[ENTRIES PROVIDED — start]

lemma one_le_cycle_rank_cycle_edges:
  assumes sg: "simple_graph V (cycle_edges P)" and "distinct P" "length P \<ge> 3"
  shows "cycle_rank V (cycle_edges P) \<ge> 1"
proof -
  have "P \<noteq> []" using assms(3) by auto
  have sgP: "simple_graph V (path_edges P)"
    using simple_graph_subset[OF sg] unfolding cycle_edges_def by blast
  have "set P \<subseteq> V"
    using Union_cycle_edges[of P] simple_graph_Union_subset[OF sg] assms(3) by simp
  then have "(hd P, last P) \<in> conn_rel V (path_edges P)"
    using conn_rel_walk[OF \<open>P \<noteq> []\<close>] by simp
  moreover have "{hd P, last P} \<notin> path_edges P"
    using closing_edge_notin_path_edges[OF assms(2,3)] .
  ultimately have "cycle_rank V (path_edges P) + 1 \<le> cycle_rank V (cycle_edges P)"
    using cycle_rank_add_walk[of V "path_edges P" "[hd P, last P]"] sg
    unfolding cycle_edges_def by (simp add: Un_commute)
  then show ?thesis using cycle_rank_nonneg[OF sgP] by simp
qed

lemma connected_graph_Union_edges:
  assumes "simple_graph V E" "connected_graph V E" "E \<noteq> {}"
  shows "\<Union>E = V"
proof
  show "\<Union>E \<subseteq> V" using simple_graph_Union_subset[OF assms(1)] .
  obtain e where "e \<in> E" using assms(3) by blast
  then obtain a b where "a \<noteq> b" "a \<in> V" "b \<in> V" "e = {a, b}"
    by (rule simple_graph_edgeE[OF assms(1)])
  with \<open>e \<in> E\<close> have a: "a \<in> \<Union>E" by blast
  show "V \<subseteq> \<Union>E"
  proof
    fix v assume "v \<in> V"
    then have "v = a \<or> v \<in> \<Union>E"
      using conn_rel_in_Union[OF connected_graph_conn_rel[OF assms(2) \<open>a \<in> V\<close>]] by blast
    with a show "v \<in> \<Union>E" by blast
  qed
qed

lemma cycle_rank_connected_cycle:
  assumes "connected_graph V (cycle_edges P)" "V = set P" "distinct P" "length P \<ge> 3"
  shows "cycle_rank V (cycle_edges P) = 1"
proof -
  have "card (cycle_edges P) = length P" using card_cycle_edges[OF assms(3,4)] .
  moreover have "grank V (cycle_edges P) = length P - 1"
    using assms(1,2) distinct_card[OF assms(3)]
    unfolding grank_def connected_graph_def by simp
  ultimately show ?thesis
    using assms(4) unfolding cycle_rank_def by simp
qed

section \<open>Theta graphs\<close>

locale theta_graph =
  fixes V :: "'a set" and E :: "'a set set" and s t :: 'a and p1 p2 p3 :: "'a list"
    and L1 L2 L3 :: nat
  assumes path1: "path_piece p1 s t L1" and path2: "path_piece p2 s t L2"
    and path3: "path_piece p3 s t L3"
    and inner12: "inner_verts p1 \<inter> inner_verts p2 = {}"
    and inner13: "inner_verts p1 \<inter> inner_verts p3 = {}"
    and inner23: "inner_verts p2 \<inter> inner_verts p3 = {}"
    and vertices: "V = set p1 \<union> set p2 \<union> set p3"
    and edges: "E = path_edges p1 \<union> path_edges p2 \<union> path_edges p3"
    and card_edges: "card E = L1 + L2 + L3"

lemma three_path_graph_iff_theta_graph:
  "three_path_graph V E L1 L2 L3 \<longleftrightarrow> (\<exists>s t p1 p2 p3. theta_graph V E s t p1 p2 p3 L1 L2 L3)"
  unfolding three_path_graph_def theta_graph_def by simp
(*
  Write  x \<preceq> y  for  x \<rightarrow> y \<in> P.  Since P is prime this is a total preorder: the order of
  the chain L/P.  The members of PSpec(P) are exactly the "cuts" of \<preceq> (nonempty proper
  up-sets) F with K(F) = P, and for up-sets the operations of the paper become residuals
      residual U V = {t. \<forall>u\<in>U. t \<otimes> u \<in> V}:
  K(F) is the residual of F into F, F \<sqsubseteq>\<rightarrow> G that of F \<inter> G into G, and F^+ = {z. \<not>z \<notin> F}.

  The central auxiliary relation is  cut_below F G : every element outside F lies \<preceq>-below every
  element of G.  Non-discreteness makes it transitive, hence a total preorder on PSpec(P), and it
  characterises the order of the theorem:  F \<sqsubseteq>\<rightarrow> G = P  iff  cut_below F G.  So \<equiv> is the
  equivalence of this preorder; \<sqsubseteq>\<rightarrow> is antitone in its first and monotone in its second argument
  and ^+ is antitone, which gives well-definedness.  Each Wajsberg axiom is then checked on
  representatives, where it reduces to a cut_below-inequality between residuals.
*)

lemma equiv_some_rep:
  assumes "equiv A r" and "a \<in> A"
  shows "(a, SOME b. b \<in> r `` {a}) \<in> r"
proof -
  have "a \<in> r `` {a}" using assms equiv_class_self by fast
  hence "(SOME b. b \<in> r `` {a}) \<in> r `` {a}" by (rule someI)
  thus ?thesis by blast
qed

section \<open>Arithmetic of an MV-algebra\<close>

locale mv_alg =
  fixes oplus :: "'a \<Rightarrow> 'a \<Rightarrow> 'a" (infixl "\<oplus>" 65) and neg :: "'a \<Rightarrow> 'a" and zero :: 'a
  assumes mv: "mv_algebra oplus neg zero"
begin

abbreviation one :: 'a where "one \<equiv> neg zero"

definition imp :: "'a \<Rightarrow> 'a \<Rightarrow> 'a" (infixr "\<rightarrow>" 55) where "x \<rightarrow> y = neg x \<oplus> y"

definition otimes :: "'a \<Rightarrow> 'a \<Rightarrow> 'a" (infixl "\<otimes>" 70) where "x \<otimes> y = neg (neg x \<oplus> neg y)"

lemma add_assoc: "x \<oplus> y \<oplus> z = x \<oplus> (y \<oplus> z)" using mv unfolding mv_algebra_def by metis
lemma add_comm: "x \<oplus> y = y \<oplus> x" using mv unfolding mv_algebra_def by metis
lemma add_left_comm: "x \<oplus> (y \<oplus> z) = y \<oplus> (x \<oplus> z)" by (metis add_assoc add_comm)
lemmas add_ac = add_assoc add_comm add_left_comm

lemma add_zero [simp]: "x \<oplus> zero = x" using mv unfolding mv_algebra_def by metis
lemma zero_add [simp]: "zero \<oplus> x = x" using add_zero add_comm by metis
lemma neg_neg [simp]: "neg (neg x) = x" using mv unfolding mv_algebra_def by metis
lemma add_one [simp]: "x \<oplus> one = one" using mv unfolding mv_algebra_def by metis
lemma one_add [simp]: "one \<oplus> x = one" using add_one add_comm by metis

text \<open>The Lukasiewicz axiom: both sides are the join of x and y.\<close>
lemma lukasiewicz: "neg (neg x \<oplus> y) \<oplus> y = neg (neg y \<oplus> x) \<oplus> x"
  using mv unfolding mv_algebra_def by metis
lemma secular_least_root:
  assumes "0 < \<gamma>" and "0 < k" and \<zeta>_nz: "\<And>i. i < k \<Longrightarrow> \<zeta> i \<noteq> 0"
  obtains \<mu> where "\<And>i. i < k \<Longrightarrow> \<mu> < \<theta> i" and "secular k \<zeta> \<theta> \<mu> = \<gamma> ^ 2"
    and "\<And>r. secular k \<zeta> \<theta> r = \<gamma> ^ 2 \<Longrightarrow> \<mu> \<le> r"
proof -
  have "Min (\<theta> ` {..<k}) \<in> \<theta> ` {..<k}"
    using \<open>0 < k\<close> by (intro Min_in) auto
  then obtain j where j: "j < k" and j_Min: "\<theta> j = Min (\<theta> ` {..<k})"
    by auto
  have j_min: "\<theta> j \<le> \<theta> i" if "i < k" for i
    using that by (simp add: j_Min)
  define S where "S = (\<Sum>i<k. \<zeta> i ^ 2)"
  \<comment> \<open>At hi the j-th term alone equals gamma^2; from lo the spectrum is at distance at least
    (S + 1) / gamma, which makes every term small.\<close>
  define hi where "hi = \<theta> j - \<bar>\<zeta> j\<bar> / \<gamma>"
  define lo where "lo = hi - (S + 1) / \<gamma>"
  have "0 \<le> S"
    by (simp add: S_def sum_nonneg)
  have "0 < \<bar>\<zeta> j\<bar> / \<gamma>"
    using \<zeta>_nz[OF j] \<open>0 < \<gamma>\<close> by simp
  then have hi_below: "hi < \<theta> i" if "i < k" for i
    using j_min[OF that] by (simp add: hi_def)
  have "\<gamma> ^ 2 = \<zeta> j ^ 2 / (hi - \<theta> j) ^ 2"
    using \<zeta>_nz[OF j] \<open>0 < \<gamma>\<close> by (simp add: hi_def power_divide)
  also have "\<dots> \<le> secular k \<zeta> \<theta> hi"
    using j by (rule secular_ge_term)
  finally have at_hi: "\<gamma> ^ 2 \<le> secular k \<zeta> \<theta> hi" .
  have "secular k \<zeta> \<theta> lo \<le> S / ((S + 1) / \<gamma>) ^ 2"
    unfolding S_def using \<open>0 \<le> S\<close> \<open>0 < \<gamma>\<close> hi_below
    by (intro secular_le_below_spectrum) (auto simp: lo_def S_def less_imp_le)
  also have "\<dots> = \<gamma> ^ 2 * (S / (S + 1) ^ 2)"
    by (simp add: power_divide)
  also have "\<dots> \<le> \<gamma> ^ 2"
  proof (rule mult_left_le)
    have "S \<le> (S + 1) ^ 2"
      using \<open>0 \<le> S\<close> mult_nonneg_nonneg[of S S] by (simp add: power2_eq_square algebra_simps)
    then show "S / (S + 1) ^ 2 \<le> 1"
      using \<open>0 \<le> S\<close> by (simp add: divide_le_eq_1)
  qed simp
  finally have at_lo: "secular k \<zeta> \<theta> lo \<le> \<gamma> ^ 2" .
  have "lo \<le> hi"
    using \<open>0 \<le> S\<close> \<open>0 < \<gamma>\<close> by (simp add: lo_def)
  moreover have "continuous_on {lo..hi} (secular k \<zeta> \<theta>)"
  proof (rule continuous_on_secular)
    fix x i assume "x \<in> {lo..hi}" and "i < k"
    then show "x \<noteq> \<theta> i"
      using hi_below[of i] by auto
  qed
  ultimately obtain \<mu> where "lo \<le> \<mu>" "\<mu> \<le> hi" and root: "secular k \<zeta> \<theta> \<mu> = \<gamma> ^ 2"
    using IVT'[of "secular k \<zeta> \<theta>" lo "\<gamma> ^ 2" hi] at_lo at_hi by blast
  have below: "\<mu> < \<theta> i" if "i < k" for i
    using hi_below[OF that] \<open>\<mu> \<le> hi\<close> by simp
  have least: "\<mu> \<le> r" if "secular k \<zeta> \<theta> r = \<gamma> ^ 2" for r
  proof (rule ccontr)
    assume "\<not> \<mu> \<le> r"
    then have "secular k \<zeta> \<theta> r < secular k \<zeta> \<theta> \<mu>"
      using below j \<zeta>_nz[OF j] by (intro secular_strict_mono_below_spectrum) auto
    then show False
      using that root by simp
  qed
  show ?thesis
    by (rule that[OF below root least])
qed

[ENTRIES PROVIDED — finish]

= TASK STATEMENT =
Restate word for word the lines of the data above, starting at the line containing "2 \<le> secular" and ending at the line containing "by (simp add: power_divide)", both included, and nothing more.

= ANSWER BOX =
  finally have at_hi: "\<gamma> ^ 2 \<le> secular k \<zeta> \<theta> hi" .
  have "secular k \<zeta> \<theta> lo \<le> S / ((S + 1) / \<gamma>) ^ 2"
    unfolding S_def using \<open>0 \<le> S\<close> \<open>0 < \<gamma>\<close> hi_below
    by (intro secular_le_below_spectrum) (auto simp: lo_def S_def less_imp_le)
  also have "\<dots> = \<gamma> ^ 2 * (S / (S + 1) ^ 2)"
    by (simp add: power_divide)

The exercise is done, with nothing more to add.